На этих словах я задремала, и мне приснился старый сон. Он приходил ко мне в детстве много раз и всегда пугал до пота и ночной истерики.

А снилась мне наша школьная директриса Пелагея Амвросьевна, огромная и так, а тут еще раздутая шевелящимися буграми и такая красная, словно только-только вылила злость на уборщицу Феню или на завуча, Михаила Иосифовича. Обычно краснота эта проходила сразу после крика и мата, которые были слышны на всю школу, но во сне она сгущалась. Пелагея Амвросьевна раскалялась и превращалась в огромного пылающего медного идола. Тело ее сотрясалось, бугры угрожающе шевелились, она хваталась огромными пылающими ладонями то за один бугор, то за другой и вдруг принималась хохотать колокольным смехом.

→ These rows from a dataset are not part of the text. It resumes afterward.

(* Let $n\in\mathbb N$ and let $\mathfrak S$ be as below. Then: (1) $\mathfrak S$ is a $\mathbb C$-algebra with respect to termwise addition and the multiplication given by the Leibniz rule, $\big(\sum_{\underline k}a_{\underline k}\underline\partial^{\underline k}\big)\cdot\big(\sum_{\underline l}b_{\underline l}\underline\partial^{\underline l}\big)=\sum_{\underline k,\underline l}\sum_{\underline 0\le\underline i\le\underline k}\binom{k_1}{i_1}\cdots\binom{k_n}{i_n}a_{\underline k}\frac{\partial^{|\underline i|}b_{\underline l}}{\partial x_1^{i_1}\cdots\partial x_n^{i_n}}\underline\partial^{\underline k+\underline l-\underline i}$ (which is well defined on $\mathfrak S$); in particular $\mathfrak S$ contains $\mathfrak D=\mathbb C[[x_1,\dots,x_n]][\partial_1,\dots,\partial_n]$ as a subalgebra; (2) the map $\sum_{\underline k}a_{\underline k}\underline\partial^{\underline k}\mapsto\sum_{\underline k}a_{\underline k}(0)\underline\partial^{\underline k}$ induces an isomorphism of $\mathbb C$-vector spaces $\mathfrak S/\mathfrak m\mathfrak S\to\mathbb C[\partial_1,\dots,\partial_n]$; (3) there is a natural injective algebra homomorphism $\mathfrak S\to\operatorname{End}^{\mathrm c}_{\mathbb C}(\widehat B)$ into the algebra of $\mathbb C$-linear endomorphisms of $\widehat B$ continuous in the $\mathfrak m$-adic topology; it makes $\widehat B$ a left $\mathfrak S$-module extending the natural left $\mathfrak D$-module structure.
   Context: $\widehat B=\mathbb C[[x_1,\dots,x_n]]$, $\mathfrak m=(x_1,\dots,x_n)$, $\upsilon$ the $\mathfrak m$-adic valuation on $\widehat B$. Multi-indices $\underline k\in\mathbb N_0^n$, $\underline\partial^{\underline k}=\partial_1^{k_1}\cdots\partial_n^{k_n}$, $|\underline k|=k_1+\dots+k_n$. For a formal sum $P=\sum_{\underline k\ge\underline 0}a_{\underline k}\underline\partial^{\underline k}$ with $a_{\underline k}\in\widehat B$, its order is $o(P)=\sup\{|\underline k|-\upsilon(a_{\underline k})\}\in\mathbb Z\cup\{\infty\}$, and $\mathfrak S=\{P:o(P)<\infty\}$. *)

theory Defs
  imports "HOL-Algebra.Algebra" "HOL-Library.Extended_Real"
begin

text \<open>Multi-indices in N_0^n are functions 'n => nat for a finite index type 'n
  (so n = CARD('n)).  An element of C[[x_1,...,x_n]] is given by its coefficient
  function; a formal operator sum_k a_k d^k is the function k |-> a_k.\<close>

type_synonym 'n mi = "'n \<Rightarrow> nat"
type_synonym 'n ps = "'n mi \<Rightarrow> complex"
type_synonym 'n dop = "'n mi \<Rightarrow> 'n ps"

definition mi_zero :: "'n mi" where "mi_zero = (\<lambda>_. 0)"

definition ps_zero :: "'n ps" where "ps_zero = (\<lambda>_. 0)"

definition deg :: "('n::finite) mi \<Rightarrow> nat" where
  "deg k = (\<Sum>j\<in>UNIV. k j)"

text \<open>m-adic valuation (infinity for 0)\<close>
definition mval :: "('n::finite) ps \<Rightarrow> enat" where
  "mval a = (INF \<alpha>\<in>{\<alpha>. a \<alpha> \<noteq> 0}. enat (deg \<alpha>))"

definition op_order :: "('n::finite) dop \<Rightarrow> ereal" where
  "op_order P = (SUP k. ereal (real (deg k)) - ereal_of_enat (mval (P k)))"

definition S_set :: "('n::finite) dop set" where
  "S_set = {P. op_order P < \<infinity>}"

definition D_set :: "('n::finite) dop set" where
  "D_set = {P. finite {k. P k \<noteq> ps_zero}}"

definition ps_mult :: "('n::finite) ps \<Rightarrow> 'n ps \<Rightarrow> 'n ps" where
  "ps_mult a b = (\<lambda>\<alpha>. \<Sum>\<beta>\<in>{\<beta>. \<beta> \<le> \<alpha>}. a \<beta> * b (\<lambda>j. \<alpha> j - \<beta> j))"

definition ps_deriv :: "('n::finite) mi \<Rightarrow> 'n ps \<Rightarrow> 'n ps" where
  "ps_deriv i b = (\<lambda>\<alpha>. (\<Prod>j\<in>UNIV. pochhammer (of_nat (\<alpha> j + 1)) (i j)) * b (\<lambda>j. \<alpha> j + i j))"

definition mbinom :: "('n::finite) mi \<Rightarrow> 'n mi \<Rightarrow> complex" where
  "mbinom k i = (\<Prod>j\<in>UNIV. of_nat (k j choose i j))"

text \<open>the x^alpha coefficient of the d^m coefficient contributed by the index triple (k,l,i)
  in the Leibniz product formula\<close>
definition leib_term :: "('n::finite) dop \<Rightarrow> 'n dop \<Rightarrow> 'n mi \<Rightarrow> 'n mi \<Rightarrow> 'n mi \<times> 'n mi \<times> 'n mi \<Rightarrow> complex" where
  "leib_term P Q m \<alpha> t = (case t of (k, l, i) \<Rightarrow>
     (if i \<le> k \<and> (\<lambda>j. k j + l j - i j) = m
      then mbinom k i * ps_mult (P k) (ps_deriv i (Q l)) \<alpha> else 0))"

text \<open>Leibniz product: sum of all (finitely many, on S) nonzero contributions\<close>
definition op_mult :: "('n::finite) dop \<Rightarrow> 'n dop \<Rightarrow> 'n dop" where
  "op_mult P Q = (\<lambda>m \<alpha>. \<Sum>t\<in>{t. leib_term P Q m \<alpha> t \<noteq> 0}. leib_term P Q m \<alpha> t)"

definition op_add :: "('n::finite) dop \<Rightarrow> 'n dop \<Rightarrow> 'n dop" where
  "op_add P Q = (\<lambda>k \<alpha>. P k \<alpha> + Q k \<alpha>)"

definition op_smult :: "complex \<Rightarrow> ('n::finite) dop \<Rightarrow> 'n dop" where
  "op_smult c P = (\<lambda>k \<alpha>. c * P k \<alpha>)"

definition op_zero :: "('n::finite) dop" where
  "op_zero = (\<lambda>k \<alpha>. 0)"

definition coeff_op :: "('n::finite) ps \<Rightarrow> 'n dop" where
  "coeff_op f = (\<lambda>k. if k = mi_zero then f else ps_zero)"

definition op_one :: "('n::finite) dop" where
  "op_one = coeff_op (\<lambda>\<alpha>. if \<alpha> = mi_zero then 1 else 0)"

definition CC :: "complex ring" where
  "CC = \<lparr>carrier = UNIV, monoid.mult = (*), monoid.one = 1, ring.zero = 0, ring.add = (+)\<rparr>"

definition S_ring :: "(complex, ('n::finite) dop) module" where
  "S_ring = \<lparr>carrier = S_set, monoid.mult = op_mult, monoid.one = op_one, ring.zero = op_zero,
             ring.add = op_add, module.smult = op_smult\<rparr>"

definition max_ideal :: "('n::finite) ps set" where
  "max_ideal = {f. f mi_zero = 0}"

definition mS_set :: "('n::finite) dop set" where
  "mS_set = {Q. \<exists>(N::nat) f P. (\<forall>t<N. f t \<in> max_ideal \<and> P t \<in> S_set) \<and>
               Q = (\<lambda>k \<alpha>. \<Sum>t<N. op_mult (coeff_op (f t)) (P t) k \<alpha>)}"

definition poly_set :: "(('n::finite) mi \<Rightarrow> complex) set" where
  "poly_set = {c. finite {k. c k \<noteq> 0}}"

definition const_map :: "('n::finite) dop \<Rightarrow> ('n mi \<Rightarrow> complex)" where
  "const_map P = (\<lambda>k. P k mi_zero)"

definition app_term :: "('n::finite) dop \<Rightarrow> 'n ps \<Rightarrow> 'n mi \<Rightarrow> 'n mi \<Rightarrow> complex" where
  "app_term P b \<alpha> k = ps_mult (P k) (ps_deriv k b) \<alpha>"

definition op_apply :: "('n::finite) dop \<Rightarrow> 'n ps \<Rightarrow> 'n ps" where
  "op_apply P b = (\<lambda>\<alpha>. \<Sum>k\<in>{k. app_term P b \<alpha> k \<noteq> 0}. app_term P b \<alpha> k)"

definition D_action :: "('n::finite) dop \<Rightarrow> 'n ps \<Rightarrow> 'n ps" where
  "D_action P b = (\<lambda>\<alpha>. \<Sum>k\<in>{k. P k \<noteq> ps_zero}. ps_mult (P k) (ps_deriv k b) \<alpha>)"

text \<open>C-linear and continuous for the m-adic topology
  (neighbourhood basis b + m^N = {c. v(c - b) >= N})\<close>
definition linear_endo :: "(('n::finite) ps \<Rightarrow> 'n ps) \<Rightarrow> bool" where
  "linear_endo T \<longleftrightarrow> (\<forall>b c. T (\<lambda>\<alpha>. b \<alpha> + c \<alpha>) = (\<lambda>\<alpha>. T b \<alpha> + T c \<alpha>)) \<and>
                     (\<forall>s b. T (\<lambda>\<alpha>. s * b \<alpha>) = (\<lambda>\<alpha>. s * T b \<alpha>))"

definition madic_continuous :: "(('n::finite) ps \<Rightarrow> 'n ps) \<Rightarrow> bool" where
  "madic_continuous T \<longleftrightarrow> (\<forall>b (N::nat). \<exists>(M::nat). \<forall>c.
      mval (\<lambda>\<alpha>. c \<alpha> - b \<alpha>) \<ge> enat M \<longrightarrow> mval (\<lambda>\<alpha>. T c \<alpha> - T b \<alpha>) \<ge> enat N)"

end

theory Submission
  imports Defs "HOL-Library.Groups_Big_Fun"
begin

text \<open>An operator \<open>P = \<Sum> a\<^sub>k \<partial>\<^sup>k\<close> lies in \<open>\<SS>\<close> iff for some \<open>C\<close> every monomial
  \<open>x\<^sup>\<beta> \<partial>\<^sup>k\<close> occurring in it satisfies \<open>|k| \<le> |\<beta>| + C\<close>. This bound makes every sum below locally
  finite: a fixed coefficient of \<open>P Q\<close> or of \<open>P b\<close> receives only finitely many contributions.
  So \<open>P\<close> acts on \<open>\<complex>[[x]]\<close> coefficientwise, and the action of the Leibniz product is the
  composition of the actions because, on monomials, this is the Chu-Vandermonde identity for
  falling factorials. The action is faithful (apply \<open>P\<close> to \<open>x\<^sup>k\<close> for \<open>k\<close> of minimal degree in the
  support of \<open>P\<close>), so the ring axioms are inherited from composition of endomorphisms. For (2),
  an operator with vanishing constant terms is \<open>\<Sum>\<^sub>j x\<^sub>j Q\<^sub>j\<close>: assign each monomial \<open>x\<^sup>\<alpha> \<noteq> 1\<close>
  to one variable dividing it.\<close>

section \<open>Falling factorials\<close>

definition falling :: "nat \<Rightarrow> nat \<Rightarrow> nat" where
  "falling s i = (s choose i) * fact i"

lemma pochhammer_Suc_eq_falling:
  "pochhammer (1 + of_nat e :: 'a::comm_semiring_1) i = of_nat (falling (e + i) i)"
proof (induction i)
  case 0
  then show ?case by (simp add: falling_def)
next
  case (Suc i)
  have "falling (e + Suc i) (Suc i) = (Suc (e + i) choose Suc i) * Suc i * fact i"
    unfolding falling_def by (simp only: add_Suc_right fact_Suc of_nat_id mult.assoc)
  also have "\<dots> = Suc (e + i) * ((e + i) choose i) * fact i"
    by (metis Suc_times_binomial_eq)
  also have "\<dots> = falling (e + i) i * (e + i + 1)"
    by (simp add: falling_def algebra_simps)
  finally show ?case
    using Suc by (simp add: pochhammer_rec' algebra_simps)
qed

lemma falling_add: "falling t (l + r) = falling t l * falling (t - l) r"
proof (cases "l + r \<le> t")
  case True
  have "(t choose (l + r)) * ((l + r) choose l) = (t choose l) * ((t - l) choose r)"
    using choose_mult[of l "l + r" t] True by simp
  moreover have "((l + r) choose l) * fact l * fact r = fact (l + r)"
    using binomial_fact_lemma[of l "l + r"] by (simp add: algebra_simps)
  ultimately have "(t choose (l + r)) * fact (l + r) = (t choose l) * ((t - l) choose r) * fact l * fact r"
    by (metis mult.assoc)
  then show ?thesis by (simp add: falling_def algebra_simps)
next
  case False
  then have lhs: "t choose (l + r) = 0" by simp
  have rhs: "(t choose l) * ((t - l) choose r) = 0"
    using False by (cases "l \<le> t") auto
  have "(t choose l) * fact l * ((t - l choose r) * fact r)
      = ((t choose l) * ((t - l) choose r)) * (fact l * fact r)"
    by (simp only: mult_ac)
  then show ?thesis unfolding falling_def lhs rhs by simp
qed

lemma falling_Vandermonde:
  "(\<Sum>i\<le>k. (k choose i) * falling s i * falling g (k - i)) = falling (s + g) k"
proof -
  have summand: "(k choose i) * falling s i * falling g (k - i) = fact k * ((s choose i) * (g choose (k - i)))"
    if "i \<in> {..k}" for i
  proof -
    have "(k choose i) * fact i * fact (k - i) = fact k"
      using binomial_fact_lemma[of i k] that by (simp add: algebra_simps)
    moreover have "(k choose i) * ((s choose i) * fact i) * ((g choose (k - i)) * fact (k - i))
        = ((k choose i) * fact i * fact (k - i)) * ((s choose i) * (g choose (k - i)))"
      by (simp only: mult_ac)
    ultimately show ?thesis unfolding falling_def by simp
  qed
  have "(\<Sum>i\<le>k. (k choose i) * falling s i * falling g (k - i))
      = (\<Sum>i\<le>k. fact k * ((s choose i) * (g choose (k - i))))"
    by (rule sum.cong) (simp_all only: summand)
  also have "\<dots> = fact k * ((s + g) choose k)"
    by (simp add: sum_distrib_left[symmetric] vandermonde)
  finally show ?thesis by (simp add: falling_def)
qed

lemma falling_Leibniz:
  assumes "l \<le> t"
  shows "(\<Sum>i\<le>k. (k choose i) * falling s i * falling t (k + l - i)) = falling (s + t - l) k * falling t l"
proof -
  have summand: "(k choose i) * falling s i * falling t (k + l - i)
      = falling t l * ((k choose i) * falling s i * falling (t - l) (k - i))" if "i \<in> {..k}" for i
  proof -
    have "k + l - i = l + (k - i)" using that by auto
    then show ?thesis by (simp add: falling_add)
  qed
  have "(\<Sum>i\<le>k. (k choose i) * falling s i * falling t (k + l - i))
      = falling t l * falling (s + (t - l)) k"
    by (simp only: sum.cong[OF refl summand] sum_distrib_left[symmetric] falling_Vandermonde)
  then show ?thesis using assms by simp
qed

text \<open>\<open>\<partial>\<^sup>i x\<^sup>\<sigma> = mfalling \<sigma> i \<cdot> x\<^sup>\<sigma>\<^sup>-\<^sup>i\<close>\<close>
definition mfalling :: "('n::finite) mi \<Rightarrow> 'n mi \<Rightarrow> complex" where
  "mfalling \<sigma> i = (\<Prod>j\<in>UNIV. of_nat (falling (\<sigma> j) (i j)))"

А из ее рта, из-за ворота наглаженной шелковой блузки, из рукавов и из-под коленей, покрытых тщательно натянутой коричневой юбкой, вырывались птицы. Они были разные — черные, белые и цветные. Одни выбирались из недр Пелагеи Амвросьевны, осторожно крутя головкой, другие выпархивали решительнее, а были и такие, что просто разрывали клювами юбку и кофту и взмывали вверх. Пелагея же хохотала и орала: «Щекотно, сволочи! Щекотно же, жидовские морды! Ще—кот—но!» И гремели колокола, и что-то обрушивалось.

Когда мне снился этот сон, я всегда просыпалась в поту и в ужасе. И тут проснулась едва живая. А очнувшись, начала объяснять самой себе идишскую идиому: «Не клади птиц себе за пазуху!» Она означала: не обманывай саму себя. Не выдумывай. Птицы все равно вырвутся наружу. Их не спрячешь. Не спрячешь.

Я встала, пошла в темноте в гостиную, помедлила, потом решительно повернула выключатель. И вот они глядели на меня: непривычно растрепанный молодой реб Зейде и совершенно голая, в чем мать родила, Гитл-Эстерке. Глядели и улыбались чуть смущенно, но вместе с тем, я бы сказала, торжествующе. Словно говорили: «Ну, вот мы и нашли друг друга! Вот и нет больше никаких тайн. Вот мы и вместе, как было обещано».

Тьфу! Что за чертовщина! Однако есть в мире человек, знающий правду! И что из того, что в Париже три часа ночи?! Выспится завтра, бежать в присутствие ему не надо.

— Паньоль, — крикнула я в трубку, — Малах Шмерль — это твой брат Меирке?

— Макс или Марек, так правильнее, — ответил совершенно свежий голос. Судя по голосу, Паньоль еще и не думал ложиться спать.

— Почему ты не сказал мне сразу?

— Зачем? И какая разница? Марек погиб. Его нет. Я тебя не обманывал. Картины принадлежат мне, других родственников нет. А я хотел, чтобы Марек прославился хотя бы посмертно. Он был большой художник. Куда мне до него!

— Почему же ты сам не устроил выставку его картин?

— Потому что я — Паньоль, и все мои грехи пали бы на голову покойного. Мне бы не поверили, из-за меня его бы не признали. Поэтому я хотел, чтобы это сделала ты.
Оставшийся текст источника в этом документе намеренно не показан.